Chief Economist Scott Brown discusses the latest market data.
Investor optimism remained strong in the first day of trading 2020, but news that the US. Military had assassinated an Iranian general sent share prices lower. The price of oil rose and bond yields fell in response to heightened uncertainty.
The ISM Manufacturing Index fell to 47.2 in December, vs. 48.1 in November. New orders, production, and employment contracted for the fifth consecutive month. Order backlogs fell for the eighth month in a row (not a good sign). “Global trade remains the most significant cross-industry issue, but there are signs that several industry sectors will improve as a result of the phase-one trade agreement between the U.S. and China,” according to the report.

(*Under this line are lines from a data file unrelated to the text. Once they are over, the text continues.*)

lemma open_translation_image:
  fixes V :: "'b set"
  assumes "open V"
  shows "open ((+) c ` V)"
proof -
  have "(+) c ` V = (\<lambda>z. z - c) -` V"
    by (force simp: algebra_simps)
  with assms show ?thesis
    by (simp add: open_vimage continuous_on_diff)
qed

lemma UNIV_eq_translates_gmult_range:
  assumes "k > 0"
  shows "UNIV = (\<Union>r\<in>{0..<k}. (+) (gmult r \<alpha>) ` range (gmult k))"
proof -
  let ?U = "\<Union>r\<in>{0..<k}. (+) (gmult r \<alpha>) ` range (gmult k)"
  have "closed ?U"
    by (intro closed_UN finite_atLeastLessThan_int ballI closed_continuous_image continuous_intros
        continuous_on_gmult closed_UNIV)
  moreover have "range (\<lambda>n. gmult n \<alpha>) \<subseteq> ?U"
  proof clarify
    fix n
    have "gmult n \<alpha> = gmult (n mod k) \<alpha> + gmult k (gmult (n div k) \<alpha>)"
      by (metis gmult_add_left gmult_mult mod_mult_div_eq)
    moreover have "n mod k \<in> {0..<k}" using assms by simp
    ultimately show "gmult n \<alpha> \<in> ?U" by blast
  qed
  ultimately show ?thesis
    using dense_multiples closure_minimal by blast
qed
(* Let $K\ge 1$ and $q\ge 2$ be integers, and let $i\neq j$ be two elements of the alphabet $\{0,1,\dots,q-1\}$. For $p\in\{1,\dots,K\}$ let $$\mathcal{S}^{(p)}_{i,j}=\bigl\{(\bm m+p\,\bm e_i,\ \bm m+p\,\bm e_j)\ :\ \bm m\in\mathbb{N}_0^{q},\ \textstyle\sum_{\ell=0}^{q-1}m_\ell=K-p\bigr\},$$ and let $\mathcal{S}_{i,j}=\bigcup_{p=1}^{K}\mathcal{S}^{(p)}_{i,j}$. Then $$|\mathcal{S}_{i,j}|=\binom{K+q-1}{q}.$$
   Context: $K$ nodes each hold a quantized value in the alphabet $\{0,1,\dots,q-1\}$. For a symmetric function of the nodes' values only the histogram of the input vector matters: the histogram is $\bm h=(h_0,\dots,h_{q-1})\in\mathbb{N}_0^q$ with $h_\ell$ the number of nodes holding value $\ell$, so $\sum_\ell h_\ell=K$. Here $\mathbb{N}_0=\{0,1,2,\dots\}$ and $\bm e_\ell$ denotes the $\ell$-th standard basis vector of $\mathbb{N}_0^q$ (indices $0,\dots,q-1$). The set $\mathcal{S}^{(p)}_{i,j}$ consists of the pairs of histograms of two input configurations that differ in exactly $p$ nodes, each of which holds value $i$ in the first configuration and value $j$ in the second, while the remaining $K-p$ nodes hold identical values in both configurations (the common part being described by the histogram $\bm m$). *)

theory Defs
  imports Main
begin

text \<open>Histograms in N_0^q are represented as functions nat => nat vanishing
outside the index range {..<q}.\<close>

definition hist_set :: "nat \<Rightarrow> nat \<Rightarrow> (nat \<Rightarrow> nat) set" where
  "hist_set q n = {m. (\<forall>l. q \<le> l \<longrightarrow> m l = 0) \<and> (\<Sum>l<q. m l) = n}"

definition basis_vec :: "nat \<Rightarrow> nat \<Rightarrow> nat" where
  "basis_vec l = (\<lambda>k. if k = l then 1 else 0)"

definition S_p :: "nat \<Rightarrow> nat \<Rightarrow> nat \<Rightarrow> nat \<Rightarrow> nat \<Rightarrow> ((nat \<Rightarrow> nat) \<times> (nat \<Rightarrow> nat)) set" where
  "S_p q K p i j =
     (\<lambda>m. ((\<lambda>k. m k + p * basis_vec i k), (\<lambda>k. m k + p * basis_vec j k))) ` hist_set q (K - p)"

definition S_all :: "nat \<Rightarrow> nat \<Rightarrow> nat \<Rightarrow> nat \<Rightarrow> ((nat \<Rightarrow> nat) \<times> (nat \<Rightarrow> nat)) set" where
  "S_all q K i j = (\<Union>p\<in>{1..K}. S_p q K p i j)"

end

theory Submission
  imports Defs "HOL-Library.Multiset"
begin

text \<open>A pair (a, b) in S^(p) determines p = a_i - b_i, so the sets S^(p) are pairwise
disjoint, and S^(p) is in bijection with the histograms of K - p nodes, i.e. with the
multisets of size K - p over q letters. Hence the cardinality is the sum over n < K of the
multiset numbers C(q + n - 1, n), which the hockey-stick identity evaluates.\<close>

lemma size_eq_sum_count:
  assumes "finite A" and "set_mset M \<subseteq> A"
  shows "size M = (\<Sum>x\<in>A. count M x)"
  unfolding size_multiset_overloaded_eq
  by (rule sum.mono_neutral_left) (use assms in \<open>auto simp: count_eq_zero_iff\<close>)

lemma hist_set_eq_image_count:
  "hist_set q n = count ` multisets_of_size {..<q} n"
proof (intro equalityI subsetI)
  fix m assume m: "m \<in> hist_set q n"
  then have support: "{x. 0 < m x} \<subseteq> {..<q}"
    by (auto simp: hist_set_def not_less[symmetric])
  then have "finite {x. 0 < m x}"
    by (rule finite_subset) simp
  then have count_M: "count (Abs_multiset m) = m"
    by simp
  have "set_mset (Abs_multiset m) \<subseteq> {..<q}"
    using support count_M by (auto simp: set_mset_def)
  moreover have "size (Abs_multiset m) = n"
    using m size_eq_sum_count[OF _ calculation] count_M by (simp add: hist_set_def)
  ultimately show "m \<in> count ` multisets_of_size {..<q} n"
    using count_M by (auto simp: multisets_of_size_def intro!: image_eqI[of _ _ "Abs_multiset m"])
next
  fix m assume "m \<in> count ` multisets_of_size {..<q} n"
  then obtain M where "set_mset M \<subseteq> {..<q}" "size M = n" "m = count M"
    by (auto simp: multisets_of_size_def)
  then show "m \<in> hist_set q n"
    using size_eq_sum_count[of "{..<q}" M] by (auto simp: hist_set_def count_eq_zero_iff)
qed

lemma inj_count: "inj count"
  by (rule injI) (rule multiset_eqI, simp)

lemma finite_hist_set: "finite (hist_set q n)"
  by (auto simp: hist_set_eq_image_count)

lemma card_hist_set: "card (hist_set q n) = (q + n - 1) choose n"
  unfolding hist_set_eq_image_count
  by (simp add: card_image inj_on_subset[OF inj_count] card_multisets_of_size)

lemma card_S_p: "card (S_p q K p i j) = card (hist_set q (K - p))"
  unfolding S_p_def
  by (rule card_image) (auto intro!: inj_onI simp: fun_eq_iff)

lemma S_p_fst_minus_snd:
  assumes "i \<noteq> j" and "(a, b) \<in> S_p q K p i j"
  shows "a i - b i = p"
  using assms by (auto simp: S_p_def basis_vec_def)

lemma card_S_all:
  assumes "i \<noteq> j"
  shows "card (S_all q K i j) = (\<Sum>n<K. card (hist_set q n))"
proof -
  have "card (S_all q K i j) = (\<Sum>p\<in>{1..K}. card (S_p q K p i j))"
    unfolding S_all_def
  proof (rule card_UN_disjoint)
    show "\<forall>p\<in>{1..K}. finite (S_p q K p i j)"
      by (simp add: S_p_def finite_hist_set)
    show "\<forall>p\<in>{1..K}. \<forall>p'\<in>{1..K}. p \<noteq> p' \<longrightarrow> S_p q K p i j \<inter> S_p q K p' i j = {}"
      by (metis S_p_fst_minus_snd[OF assms] disjoint_iff surj_pair)
  qed simp
  also have "\<dots> = (\<Sum>n<K. card (hist_set q n))"
    unfolding card_S_p
    by (rule sum.reindex_bij_witness[of _ "\<lambda>n. K - n" "\<lambda>p. K - p"]) auto
  finally show ?thesis .
qed

theorem lemma1:
  fixes K q i j :: nat
  assumes "K \<ge> 1" and "q \<ge> 2" and "i < q" and "j < q" and "i \<noteq> j"
  shows "card (S_all q K i j) = (K + q - 1) choose q"
proof -
  obtain k where K: "K = Suc k"
    using assms(1) by (cases K) auto
  have "card (S_all q K i j) = (\<Sum>n\<le>k. (q - 1 + n) choose n)"
    using assms(2,5) by (simp add: card_S_all card_hist_set K lessThan_Suc_atMost)
  also have "\<dots> = Suc (q - 1 + k) choose k"
    by (rule sum_choose_lower)
  also have "\<dots> = (K + q - 1) choose q"
    using assms(2) binomial_symmetric[of k "k + q"] by (simp add: K add.commute)
  finally show ?thesis .
qed

end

The Conference Board’s Consumer Confidence Index edged down to 126.5 in the initial estimate for December, vs. 126.8 in November (revised from 125.5). Consumers’ assessments of current conditions improved, but their expectations declined, driven by a softening in the outlook regarding jobs and financial prospects. “While the economy hasn’t shown signs of further weakening, there is little to suggest that growth, and in particular consumer spending, will gain momentum in early 2020,” according to the report.
Next week, geopolitical developments are expected to drive financial markets. The ISM Non-Manufacturing Index (Tuesday) should remain consistent with moderate growth in the overall economy. The Employment Report (Friday) will be subject to possible seasonal distortions, but we should see a moderation in the trend in job growth. Prior to seasonal adjustment, we can expect to lose jobs in construction and education in December and gain (temporary) jobs in retail and deliveries. Annual benchmark revisions to the household survey data (the unemployment rate) are not expected to change the picture. Revisions to the establishment survey data (payrolls, hours, and earnings) will be released on February 7.